text \<open>Since \<open>(4/3)\<^sub>n = (1/3)\<^sub>n (3n+1)\<close> and \<open>(1)\<^sub>n =
  n!\<close>, the hypergeometric term is \<open>a\<^sub>n\<^sup>2\<close>.\<close>
lemma hyp4F3_term_eq_sq:
  "hyp4F3_term (1/3) (1/3) (2/3) (2/3) (4/3) (4/3) 1 1 n = (sc_coeff n)^2"
proof -
  have four_thirds: "pochhammer (4/3) n = pochhammer (1/3) n * (3 * real n + 1)"
    using pochhammer_shift_one[of "1/3::real" n] by (simp add: field_simps)
  have cancel: "P * P * Q * Q / (P * k * (P * k) * F) * 1 / F = (Q / F / k)^2"
    if "P \<noteq> 0" "k \<noteq> 0" "F \<noteq> 0" for P Q k F :: real
    using that by (simp add: field_simps power2_eq_square)
  show ?thesis
    unfolding hyp4F3_term_def four_thirds sc_coeff_def negbin_def pochhammer_fact[symmetric] power_one
    by (rule cancel) (auto simp: pochhammer_eq_0_iff)
qed

context
  fixes c :: "nat \<Rightarrow> real"
  assumes c_nonneg: "\<And>n. 0 \<le> c n" and c_summable: "summable c"
begin

lemma powser_term_norm_le: "norm (q::complex) \<le> 1 \<Longrightarrow> norm (of_real (c n) * q^n) \<le> c n"
  using c_nonneg[of n] by (simp add: norm_mult norm_power mult_left_le power_le_one)

lemma powser_summable_disk: "norm (q::complex) \<le> 1 \<Longrightarrow> summable (\<lambda>n. of_real (c n) * q^n)"
  by (rule summable_comparison_test[OF _ c_summable]) (use powser_term_norm_le in auto)

lemma powser_partial_norm_le:
  assumes "norm (q::complex) \<le> 1"
  shows "norm (\<Sum>n<N. of_real (c n) * q^n) \<le> suminf c"
proof -
  have "norm (\<Sum>n<N. of_real (c n) * q^n) \<le> (\<Sum>n<N. c n)"
    by (rule order_trans[OF norm_sum sum_mono]) (rule powser_term_norm_le[OF assms])
  also have "\<dots> \<le> suminf c"
    using c_summable c_nonneg by (intro sum_le_suminf) auto
  finally show ?thesis .
qed
(* As $n\to\infty$, $$\mathbb{E}[Z_n^2]=4(n\log n)^2+8\gamma\,n^2\log n+\left(16+4\gamma^2-\frac{2\pi^2}{3}\right)n^2+O(n^{3/2}),$$ and $$\operatorname{Var}[Z_n]=\left(16-\frac{2\pi^2}{3}\right)n^2+O(n^{3/2}),$$ where $\gamma$ is Euler's constant.
   Context: Consider the random sequence of trees $(T_n)_{n\ge1}$ with node labels $1,\dots,n$ defined as follows: $T_1$ is a single node labeled $1$; $T_2$ consists of nodes $1,2$ joined by an edge; for $n\ge3$, $T_n$ is obtained from $T_{n-1}$ by adding a node labeled $n$ and an edge joining it to a node $i\in\{1,\dots,n-1\}$ chosen, conditionally on $T_1,\dots,T_{n-1}$, with probability $D_{n-1,i}/(2(n-2))$, where $D_{m,i}$ is the degree of node $i$ in $T_m$. The Zagreb index of $T_n$ is $Z_n=\sum_{j=1}^n D_{n,j}^2$. *)

theory Defs
  imports "HOL-Probability.Probability" "HOL-Library.Landau_Symbols"
begin

text \<open>A labelled tree on nodes 1..n is represented by its list of edges; the edge
  added at step k is the pair (k, i), joining the new node k to the chosen node i.\<close>

type_synonym tree = "(nat \<times> nat) list"

definition deg :: "tree \<Rightarrow> nat \<Rightarrow> nat" where
  "deg es i = length (filter (\<lambda>(a, b). a = i \<or> b = i) es)"

text \<open>Distribution of T_n. For n = m+3 (so n >= 3), node n is attached to node
  i in {1..n-1} with probability D_{n-1,i} / (2(n-2)).\<close>
fun tree_pmf :: "nat \<Rightarrow> tree pmf" where
  "tree_pmf 0 = return_pmf []"
| "tree_pmf (Suc 0) = return_pmf []"
| "tree_pmf (Suc (Suc 0)) = return_pmf [(2, 1)]"
| "tree_pmf (Suc (Suc (Suc m))) =
     tree_pmf (Suc (Suc m)) \<bind>
       (\<lambda>es. map_pmf (\<lambda>i. es @ [(m + 3, i)])
          (pmf_of_list [(i, real (deg es i) / (2 * real (m + 1))). i \<leftarrow> [1..<m + 3]]))"

definition zagreb :: "nat \<Rightarrow> tree \<Rightarrow> nat" where
  "zagreb n es = (\<Sum>j = 1..n. deg es j ^ 2)"

end

theory Submission
  imports Defs "HOL-Analysis.Harmonic_Numbers" "HOL-Real_Asymp.Real_Asymp"
begin

(* Let Z_n and S_n be the sums of the squares and of the cubes of the degrees of T_n.
   Attaching node n+1 to a node of degree d raises Z_n by 2d + 2 and S_n by 3d^2 + 3d + 2,
   and such a node is chosen with probability d / (2(n-1)); averaging over this choice gives
   first-order linear recurrences for E Z_n, E S_n and E Z_n^2.  They are solved in closed form
   in terms of H_n, the second-order harmonic numbers H_n^(2) and rho_n = binom(2n,n)/4^n,
   e.g. E Z_n = 2(n-1) H_(n-1).  The expansions then follow from H_n = ln n + gamma + O(1/n),
   H_n^(2) = pi^2/6 + O(1/n) and rho_n = O(n^(-1/2)). *)

section \<open>Recursive trees and the attachment step\<close>

lemma expectation_pmf_of_list_distinct:
  fixes f :: "'a \<Rightarrow> real"
  assumes wf: "pmf_of_list_wf (map (\<lambda>x. (x, w x)) xs)" and "distinct xs"
  shows "measure_pmf.expectation (pmf_of_list (map (\<lambda>x. (x, w x)) xs)) f = (\<Sum>x\<in>set xs. w x * f x)"
proof -
  have pmf: "pmf (pmf_of_list (map (\<lambda>x. (x, w x)) xs)) x = w x" if "x \<in> set xs" for x
  proof -
    have "sum_list (map snd (filter (\<lambda>z. fst z = x) (map (\<lambda>x. (x, w x)) xs)))
        = (if x \<in> set xs then w x else 0)"
      using \<open>distinct xs\<close> by (induction xs) auto
    then show ?thesis using that by (simp add: pmf_pmf_of_list[OF wf])
  qed
  show ?thesis
    using set_pmf_of_list[OF wf]
    by (subst integral_measure_pmf_real[of "set xs"]) (auto simp: pmf mult.commute)
qed

definition recursive_tree :: "nat \<Rightarrow> tree \<Rightarrow> bool" where
  "recursive_tree n es \<longleftrightarrow>
     length es = n - 1 \<and> (\<forall>(k, i) \<in> set es. 1 \<le> i \<and> i < k \<and> k \<le> n)"

lemma deg_Nil [simp]: "deg [] j = 0"
  by (simp add: deg_def)

lemma deg_Cons: "deg ((k, i) # es) j = deg es j + (if j = k \<or> j = i then 1 else 0)"
  by (auto simp: deg_def)

lemma deg_append_edge [simp]: "deg (es @ [(k, i)]) j = deg es j + (if j = k \<or> j = i then 1 else 0)"
  by (auto simp: deg_def)

lemma deg_eq_0_beyond: "recursive_tree n es \<Longrightarrow> n < j \<Longrightarrow> deg es j = 0"
  by (fastforce simp: deg_def recursive_tree_def filter_empty_conv)

lemma sum_deg_eq_twice_length:
  assumes "finite A" "\<forall>(k, i) \<in> set es. k \<noteq> i \<and> k \<in> A \<and> i \<in> A"
  shows "(\<Sum>j\<in>A. deg es j) = 2 * length es"
  using assms(2)
proof (induction es)
  case (Cons e es)
  obtain k i where e: "e = (k, i)" by fastforce
  have ki: "k \<noteq> i" "k \<in> A" "i \<in> A" using Cons.prems by (auto simp: e)
  have "{j. j = k \<or> j = i} = {k, i}" by auto
  then have "(\<Sum>j\<in>A. if j = k \<or> j = i then 1 else 0) = card (A \<inter> {k, i})"
    using assms(1) by (simp add: sum.If_cases)
  also have "\<dots> = 2" using ki by (simp add: Int_absorb1)
  finally show ?case using Cons by (simp add: e deg_Cons sum.distrib)
qed simp

lemma sum_deg_recursive_tree: "recursive_tree n es \<Longrightarrow> (\<Sum>j=1..n. deg es j) = 2 * (n - 1)"
  by (subst sum_deg_eq_twice_length) (auto simp: recursive_tree_def)

definition attach_prob :: "nat \<Rightarrow> tree \<Rightarrow> nat \<Rightarrow> real" where
  "attach_prob n es i = real (deg es i) / (2 * (real n - 1))"

lemma sum_attach_prob:
  assumes "recursive_tree n es" "n \<ge> 2"
  shows "(\<Sum>i=1..n. attach_prob n es i) = 1"
proof -
  have "(\<Sum>i=1..n. real (deg es i)) = 2 * (real n - 1)"
    using arg_cong[OF sum_deg_recursive_tree[OF assms(1)], of real] assms(2)
    by (simp add: of_nat_diff)
  then show ?thesis
    using assms(2) by (simp add: attach_prob_def flip: sum_divide_distrib)
qed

## What the task requires
Find "(x, w x)) xs)))" in the entries above and copy that whole line exactly, then each line after it through the line that contains "length es = n".

## Response
    have "sum_list (map snd (filter (\<lambda>z. fst z = x) (map (\<lambda>x. (x, w x)) xs)))
        = (if x \<in> set xs then w x else 0)"
      using \<open>distinct xs\<close> by (induction xs) auto
    then show ?thesis using that by (simp add: pmf_pmf_of_list[OF wf])
  qed
  show ?thesis
    using set_pmf_of_list[OF wf]
    by (subst integral_measure_pmf_real[of "set xs"]) (auto simp: pmf mult.commute)
qed

definition recursive_tree :: "nat \<Rightarrow> tree \<Rightarrow> bool" where
  "recursive_tree n es \<longleftrightarrow>
     length es = n - 1 \<and> (\<forall>(k, i) \<in> set es. 1 \<le> i \<and> i < k \<and> k \<le> n)"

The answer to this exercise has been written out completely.